00001012920516 · Info · (manual) · #api #manual #reference #zettelstore

A zettel representation that is a s-expression (also known as symbolic expression).

It is (relatively) easy to parse and contain all relevant information of a zettel, metadata and content. For example, take a look at the Sexpr encoding of this page, which is available via the Info sub-page of this zettel:

If transferred via HTTP, the content type will be text/plain.

Syntax of s-expressions

There are only two types of elements: atoms and lists.

A list always starts with the left parenthesis ((, U+0028) and ends with a right parenthesis (), U+0029). A list may contain a possibly empty sequence of elements, i.e. lists and / or atoms. Before the last element of a list of at least to elements, a full stop character (., U+002E) signal a pair as the last two elements. This allows a more space economic storage of data.

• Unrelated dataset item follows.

(* Consider the semi-discrete flux globalization based low-dissipation path-conservative central-upwind (LD PCCU) scheme described in the context, and assume that all quantities appearing in it are well defined (all densities $\rho^\pm_{j+1/2}>0$, all $\Gamma^\pm_{j+1/2}>0$, the square roots defining $c^\pm_{j+1/2}$ are real, $a^+_{j+1/2}-a^-_{j+1/2}>0$, and $\rho^*_{j+1/2}\neq0$, $\Gamma^*_{j+1/2}\neq0$ for all relevant $j$). 1. If at some time $t$ the cell averages satisfy $\overline\Gamma_j\equiv\widehat\Gamma$ and $\overline\Pi_j\equiv\widehat\Pi$ for all $j$ (including ghost cells), where $\widehat\Gamma,\widehat\Pi$ are constants, then $$\frac{d}{dt}\overline\Gamma_j=\frac{d}{dt}\overline\Pi_j=0\quad\text{for all } j=1,\dots,N,$$ i.e., the fourth and fifth components of the right-hand side of the semi-discrete scheme vanish. 2. Suppose that at time level $t^n$ the cell-centered velocities and pressures satisfy $u^n_j\equiv\widehat u$ and $p^n_j\equiv\widehat p$ for all $j$ (including ghost cells), with constants $\widehat u,\widehat p$, and let the cell averages at $t^{n+1}=t^n+\Delta t$ be computed by one forward Euler step $$\overline{\mathbf U}^{\,n+1}_j=\overline{\mathbf U}^{\,n}_j-\frac{\Delta t}{\Delta x}\Big(\boldsymbol{\mathcal K}_{j+1/2}-\boldsymbol{\mathcal K}_{j-1/2}\Big),\qquad j=1,\dots,N,$$ with the numerical fluxes evaluated from the data at $t^n$. Assume $\overline\rho^{\,n+1}_j\neq0$ and $\overline\Gamma^{\,n+1}_j\neq0$. Then $$u^{n+1}_j:=\frac{(\overline{\rho u})^{n+1}_j}{\overline\rho^{\,n+1}_j}=\widehat u,\qquad p^{n+1}_j:=\frac{1}{\overline\Gamma^{\,n+1}_j}\Big[\overline E^{\,n+1}_j-\frac{\big((\overline{\rho u})^{n+1}_j\big)^2}{2\overline\rho^{\,n+1}_j}-\overline\Pi^{\,n+1}_j\Big]=\widehat p\qquad\text{for all } j=1,\dots,N.$$
   Context: Model: the 1-D $\gamma$-based multifluid system $\rho_t+(\rho u)_x=0$, $(\rho u)_t+(\rho u^2+p)_x=0$, $E_t+[u(E+p)]_x=0$, $\Gamma_t+(u\Gamma)_x=\Gamma u_x$, $\Pi_t+(u\Pi)_x=\Pi u_x$, where $\Gamma=1/(\gamma-1)$, $\Pi=\gamma\pi_\infty/(\gamma-1)$ and the EOS is $p=(E-\tfrac12\rho u^2-\Pi)/\Gamma$. Write $\mathbf U=(\rho,\rho u,E,\Gamma,\Pi)^\top$, $\mathbf F(\mathbf U)=(\rho u,\rho u^2+p,u(E+p),u\Gamma,u\Pi)^\top$. Let ${\rm minmod}(c_1,c_2)$ equal $\min(c_1,c_2)$ if both are positive, $\max(c_1,c_2)$ if both are negative, and $0$ otherwise. Mesh and data: uniform cells $C_j=[x_{j-1/2},x_{j+1/2}]$ of width $\Delta x$, $j=1,\dots,N$, together with finitely many ghost cells on each side supplying the data needed below. Cell averages $\overline{\mathbf U}_j=(\overline\rho_j,(\overline{\rho u})_j,\overline E_j,\overline\Gamma_j,\overline\Pi_j)^\top$ are given; set $u_j=(\overline{\rho u})_j/\overline\rho_j$, $p_j=\big[\overline E_j-((\overline{\rho u})_j)^2/(2\overline\rho_j)-\overline\Pi_j\big]/\overline\Gamma_j$, and $\mathbf V_j=(\overline\rho_j,u_j,p_j,\overline\Gamma_j,\overline\Pi_j)^\top$. Reconstruction: $\mathbf V^-_{j+1/2}=\mathbf V_j+\tfrac{\Delta x}{2}(\mathbf V_x)_j$, $\mathbf V^+_{j+1/2}=\mathbf V_{j+1}-\tfrac{\Delta x}{2}(\mathbf V_x)_{j+1}$, where the slopes $(\mathbf V_x)_j$ are computed componentwise by a limiter (e.g. generalized minmod or SBM) with the property that the slope of a component vanishes whenever that component takes the same value in all cells of the stencil. Write $\mathbf V^\pm_{j+1/2}=(\rho^\pm,u^\pm,p^\pm,\Gamma^\pm,\Pi^\pm)_{j+1/2}$, and define $E^\pm_{j+1/2}=\Gamma^\pm_{j+1/2}p^\pm_{j+1/2}+\tfrac12\rho^\pm_{j+1/2}(u^\pm_{j+1/2})^2+\Pi^\pm_{j+1/2}$, $\mathbf U^\pm_{j+1/2}=(\rho^\pm,\rho^\pm u^\pm,E^\pm,\Gamma^\pm,\Pi^\pm)^\top_{j+1/2}$, $\mathbf F^\pm_{j+1/2}=\mathbf F(\mathbf U^\pm_{j+1/2})$. Global fluxes: let $\mathbf B_j=\big(0,0,0,\tfrac{\Gamma^-_{j+1/2}+\Gamma^+_{j-1/2}}{2}(u^-_{j+1/2}-u^+_{j-1/2}),\tfrac{\Pi^-_{j+1/2}+\Pi^+_{j-1/2}}{2}(u^-_{j+1/2}-u^+_{j-1/2})\big)^\top$ and $\mathbf B_{\Psi,j+1/2}=\big(0,0,0,\tfrac{\Gamma^+_{j+1/2}+\Gamma^-_{j+1/2}}{2}(u^+_{j+1/2}-u^-_{j+1/2}),\tfrac{\Pi^+_{j+1/2}+\Pi^-_{j+1/2}}{2}(u^+_{j+1/2}-u^-_{j+1/2})\big)^\top$. Set $\mathbf R^-_{1/2}=\mathbf 0$, $\mathbf R^+_{1/2}=\mathbf B_{\Psi,1/2}$, and recursively $\mathbf R^-_{j+1/2}=\mathbf R^+_{j-1/2}+\mathbf B_j$, $\mathbf R^+_{j+1/2}=\mathbf R^-_{j+1/2}+\mathbf B_{\Psi,j+1/2}$ for $j=1,\dots,N$; then $\mathbf K^\pm_{j+1/2}=\mathbf F^\pm_{j+1/2}-\mathbf R^\pm_{j+1/2}$. Local speeds: $c=\sqrt{[(1+\Gamma)p+\Pi]/(\Gamma\rho)}$ evaluated at the $\pm$ point values, $a^+_{j+1/2}=\max\{u^-_{j+1/2}+c^-_{j+1/2},u^+_{j+1/2}+c^+_{j+1/2},0\}$, $a^-_{j+1/2}=\min\{u^-_{j+1/2}-c^-_{j+1/2},u^+_{j+1/2}-c^+_{j+1/2},0\}$. Anti-diffusion: $\mathbf U^*_{j+1/2}=\dfrac{a^+_{j+1/2}\mathbf U^+_{j+1/2}-a^-_{j+1/2}\mathbf U^-_{j+1/2}-(\mathbf K^+_{j+1/2}-\mathbf K^-_{j+1/2})}{a^+_{j+1/2}-a^-_{j+1/2}}$ with components $(\rho^*,(\rho u)^*,E^*,\Gamma^*,\Pi^* )_{j+1/2}$, $u^*_{j+1/2}=(\rho u)^*_{j+1/2}/\rho^*_{j+1/2}$; for $w\in\{\rho,\Gamma,\Pi\}$, $q^w_{j+1/2}={\rm minmod}\big(-a^-_{j+1/2}(w^*_{j+1/2}-w^-_{j+1/2}),\,a^+_{j+1/2}(w^+_{j+1/2}-w^*_{j+1/2})\big)$; and $\mathbf q_{j+1/2}=q^\rho_{j+1/2}\big(1,u^*,\tfrac12(u^* )^2,0,0\big)^\top_{j+1/2}+q^\Gamma_{j+1/2}\big(0,0,\tfrac{1}{\Gamma^*}\big[E^*-\tfrac{((\rho u)^* )^2}{2\rho^*}-\Pi^*\big],1,0\big)^\top_{j+1/2}+q^\Pi_{j+1/2}(0,0,1,0,1)^\top$. Numerical flux: $\boldsymbol{\mathcal K}_{j+1/2}=\dfrac{a^+_{j+1/2}\mathbf K^-_{j+1/2}-a^-_{j+1/2}\mathbf K^+_{j+1/2}}{a^+_{j+1/2}-a^-_{j+1/2}}+\dfrac{a^+_{j+1/2}a^-_{j+1/2}}{a^+_{j+1/2}-a^-_{j+1/2}}(\mathbf U^+_{j+1/2}-\mathbf U^-_{j+1/2})+\mathbf q_{j+1/2}$. Semi-discrete LD PCCU scheme: $\dfrac{d}{dt}\overline{\mathbf U}_j=-\dfrac{\boldsymbol{\mathcal K}_{j+1/2}-\boldsymbol{\mathcal K}_{j-1/2}}{\Delta x}$, $j=1,\dots,N$. *)

theory Defs
  imports Complex_Main
begin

There are three syntactic forms for an atom: numbers, symbols and strings.

A number is a non-empty sequence of digits (0 ... 9). The smallest number is 0, there are no negative numbers.

A symbol is a non-empty sequence of printable characters, except left or right parenthesis. Unicode characters of the following categories contains printable characters in the above sense: letter (L), number (N), punctuation (P), symbol (S). Symbols are case-insensitive, i.e. ZETTEL and zettel denote the same symbol.

A string starts with a quotation mark (", U+0022), contains a possibly empty sequence of Unicode characters, and ends with a quotation mark. To allow a string to contain a quotations mark, it must be prefixed by one backslash (\, U+005C). To allow a string to contain a backslash, it also must be prefixed by one backslash. Unicode characters with a code less than U+FF are encoded by by the sequence \xNM, where NM is the hex encoding of the character. Unicode characters with a code less than U+FFFF are encoded by by the sequence \uNMOP, where NMOP is the hex encoding of the character. Unicode characters with a code less than U+FFFFFF are encoded by by the sequence \UNMOPQR, where NMOPQR is the hex encoding of the character. In addition, the sequence \t encodes a horizontal tab (U+0009), the sequence \n encodes a line feed (U+000A).

Atoms are separated by Unicode characters of category separator (Z).